Iraq's Attorneys Practicing in a State of Fear

Those Who Haven't Fled Prefer the Dictator's Law to None at All

By Nelson Hernandez and Saad al-Izzi
Washington Post Foreign Service
Saturday, June 10, 2006; Page A13

BAGHDAD -- "We are living in terror," Kamal Hamdoun, the head of Iraq's lawyers' union, said as he sat in a shadowy, cavernous office redolent of better days.

As usual, there was no electricity in Hamdoun's second-floor office in Baghdad's Mansour neighborhood.
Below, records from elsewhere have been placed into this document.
lemma reflexive_iso:
  assumes "cring R" "module_ops_closed R A" "module_ops_closed R B"
    and "module_iso R A B" and "reflexive R A"
  shows "reflexive R B"
proof -
  obtain \<phi> \<Phi> where \<phi>: "bij_betw \<phi> (carrier A) (carrier B)"
    and \<Phi>: "bij_betw \<Phi> (carrier (bidual R A)) (carrier (bidual R B))"
    and nat: "\<And>x. x \<in> carrier A \<Longrightarrow> \<Phi> (nat_map R A x) = nat_map R B (\<phi> x)"
    using module_iso_bidual[OF assms(1-4)] by metis
  have "bij_betw (\<Phi> \<circ> nat_map R A) (carrier A) (carrier (bidual R B))"
    using bij_betw_trans[OF assms(5)[unfolded reflexive_def] \<Phi>] .
  then have "bij_betw (nat_map R B \<circ> \<phi>) (carrier A) (carrier (bidual R B))"
    using bij_betw_cong[of "carrier A" "\<Phi> \<circ> nat_map R A" "nat_map R B \<circ> \<phi>"] nat by simp
  then show ?thesis
    using bij_betw_comp_iff[OF \<phi>] unfolding reflexive_def by blast
qed

lemma reflexive_imp_weakly_reflexive: "reflexive R X \<Longrightarrow> weakly_reflexive R X"
  by (simp add: reflexive_def weakly_reflexive_def bij_betw_imp_surj_on)

lemma dual_map_nat_map_nat_map:
  assumes R: "cring R" and X: "module_ops_closed R X" and f: "f \<in> carrier (dual R X)"
  shows "dual_map R X (bidual R X) (nat_map R X) (nat_map R (dual R X) f) = f"
proof (rule dual_eqI)
  have D: "module_ops_closed R (dual R X)"
    using dual_module_ops_closed[OF R X] .
  show "dual_map R X (bidual R X) (nat_map R X) (nat_map R (dual R X) f) \<in> carrier (dual R X)"
    using dual_map_in_dual[OF X nat_map_lin_maps[OF R X] nat_map_in_bidual[OF R D f]] by simp
  fix x assume "x \<in> carrier X"
  then show "dual_map R X (bidual R X) (nat_map R X) (nat_map R (dual R X) f) x = f x"
    using nat_map_in_bidual[OF R D f] nat_map_in_bidual[OF R X] f
    by (simp add: dual_map_apply nat_map_apply)
qed (use f in simp)

lemma weakly_reflexive_imp_reflexive_dual:
  assumes R: "cring R" and X: "module_ops_closed R X" and W: "weakly_reflexive R X"
  shows "reflexive R (dual R X)"
proof -
  let ?\<epsilon> = "dual_map R X (bidual R X) (nat_map R X)"
  have D: "module_ops_closed R (dual R X)"
    using dual_module_ops_closed[OF R X] .
  have \<epsilon>_in_dual: "?\<epsilon> \<Phi> \<in> carrier (dual R X)" if "\<Phi> \<in> carrier (dual R (bidual R X))" for \<Phi>
    using dual_map_in_dual[OF X nat_map_lin_maps[OF R X] that] by simp
  have inj_\<epsilon>: "inj_on ?\<epsilon> (carrier (dual R (bidual R X)))"
    using inj_on_dual_map W unfolding weakly_reflexive_def by blast
  have "nat_map R (dual R X) ` carrier (dual R X) = carrier (bidual R (dual R X))"
  proof (intro equalityI subsetI)
    fix \<Phi> assume \<Phi>: "\<Phi> \<in> carrier (bidual R (dual R X))"
    have "?\<epsilon> (nat_map R (dual R X) (?\<epsilon> \<Phi>)) = ?\<epsilon> \<Phi>"
      using dual_map_nat_map_nat_map[OF R X \<epsilon>_in_dual[OF \<Phi>]] .
    then have "nat_map R (dual R X) (?\<epsilon> \<Phi>) = \<Phi>"
      using inj_onD[OF inj_\<epsilon>] \<Phi> nat_map_in_bidual[OF R D \<epsilon>_in_dual[OF \<Phi>]] by blast
    then show "\<Phi> \<in> nat_map R (dual R X) ` carrier (dual R X)"
      using \<epsilon>_in_dual[OF \<Phi>] by (metis image_eqI)
  qed (use nat_map_in_bidual[OF R D] in auto)
  moreover have "inj_on (nat_map R (dual R X)) (carrier (dual R X))"
    using dual_map_nat_map_nat_map[OF R X] by (metis inj_on_inverseI)
  ultimately show ?thesis
    unfolding reflexive_def bij_betw_def by blast
qed

theorem proposition5p12:
  fixes R :: "'a ring" and M :: "('a, 'm) module"
    and N :: "nat \<Rightarrow> ('a, 'u) module" and l :: nat
  assumes "noetherian_ring R" and "local_ring R"
    and "module R M" and "fin_gen R M" and "weakly_reflexive R M"
    and "\<forall>i. module R (N i)"
    and "module_iso R M (N 0)"
    and "\<forall>i. module_iso R (N (Suc i)) (dual R (N i))"
    and "l \<ge> 1"
  shows "reflexive R (N l)"
proof -
  have R: "cring R"
    using assms(2) by (simp add: local_ring_def)
  have M: "module_ops_closed R M" and N: "\<And>i. module_ops_closed R (N i)"
    using assms(3,6) module_imp_module_ops_closed by blast+
  have step: "reflexive R (N (Suc i))" if "weakly_reflexive R (N i)" for i
    using reflexive_iso[OF R dual_module_ops_closed[OF R N] N
        module_iso_sym[OF N assms(8)[rule_format]]
        weakly_reflexive_imp_reflexive_dual[OF R N that]] .
  have "weakly_reflexive R (N i)" for i
  proof (induction i)
    case 0
    show ?case
      using weakly_reflexive_iso[OF R M N assms(7,5)] .
  next
    case (Suc i)
    then show ?case
      using step reflexive_imp_weakly_reflexive by blast
  qed
  moreover obtain k where "l = Suc k"
    using assms(9) by (cases l) auto
  ultimately show ?thesis
    using step by blast
qed

end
Sunlight slanted in through vertical blinds, shining on ornate chairs painted gold and a huge desk piled with legal folders.

"For example, I'm unable to move around freely," Hamdoun continued. "And there's a gun in my drawer."

He slid open a drawer of his desk, revealing a cocked Browning pistol.

"The control of the jungle is for those who have claws and fangs," he explained.

Such is the life of a lawyer in a nearly lawless society. Iraq's legal system, once one of the most secular in the Middle East, is a shambles. If a "Law and Order" spinoff were set in Baghdad, it would feature police who are afraid to investigate sectarian murders (or are complicit in them, many say), lawyers afraid to take either side of a case and risk the wrath of powerful militias or well-armed gangs, judges assassinated for the decisions they have handed down, and the occasional car bombing at the courthouse.

Two such bombings killed at least 17 people in May alone.

Iraq was hardly an example of blind justice before the 2003 invasion that toppled Saddam Hussein, who ensured that nearly all lawyers and judges were in thrall to his Baath Party. But for routine trials, Iraq's legal system, designed in the 1920s to resemble the Egyptian and French models, generally meted out fair justice guided by well-trained lawyers and judges.

"It was an impressive overall legal system, as long as we did not get into the political sphere," said Khaled Abou El Fadl, a law professor at UCLA and a scholar of Islamic law. "What we have consistently forgotten is how well-educated Iraqi academics are. They're sophisticated people who know quite a bit" about Western law and government.

Now, many of the best-educated have fled the country, and yet life goes on in the lawyers' union, Iraq's equivalent of a bar association, which has 42,000 members nationwide. Well-dressed attorneys flitted in and out of Hamdoun's office quietly, asking the union leader to sign papers. Downstairs, they met in the dark, cigarette smoke-filled cafeteria below Hamdoun's office, where they talked shop with each other or their clients. Their sentiment was unanimous: They preferred the dictator's law to none at all.

"We were waiting for the day when Saddam was gone," said one lawyer, Ali Gatie al-Jubouri, who spent nine years studying engineering in Michigan, only to become a lawyer after he inherited a fortune in property from his father. "But now we feel sorry that Saddam's days are over. It's a tragedy."

The lawyers, along with American legal scholars, almost unanimously blame the United States -- particularly the Coalition Provisional Authority, which administered Iraq in the year after Hussein's government fell.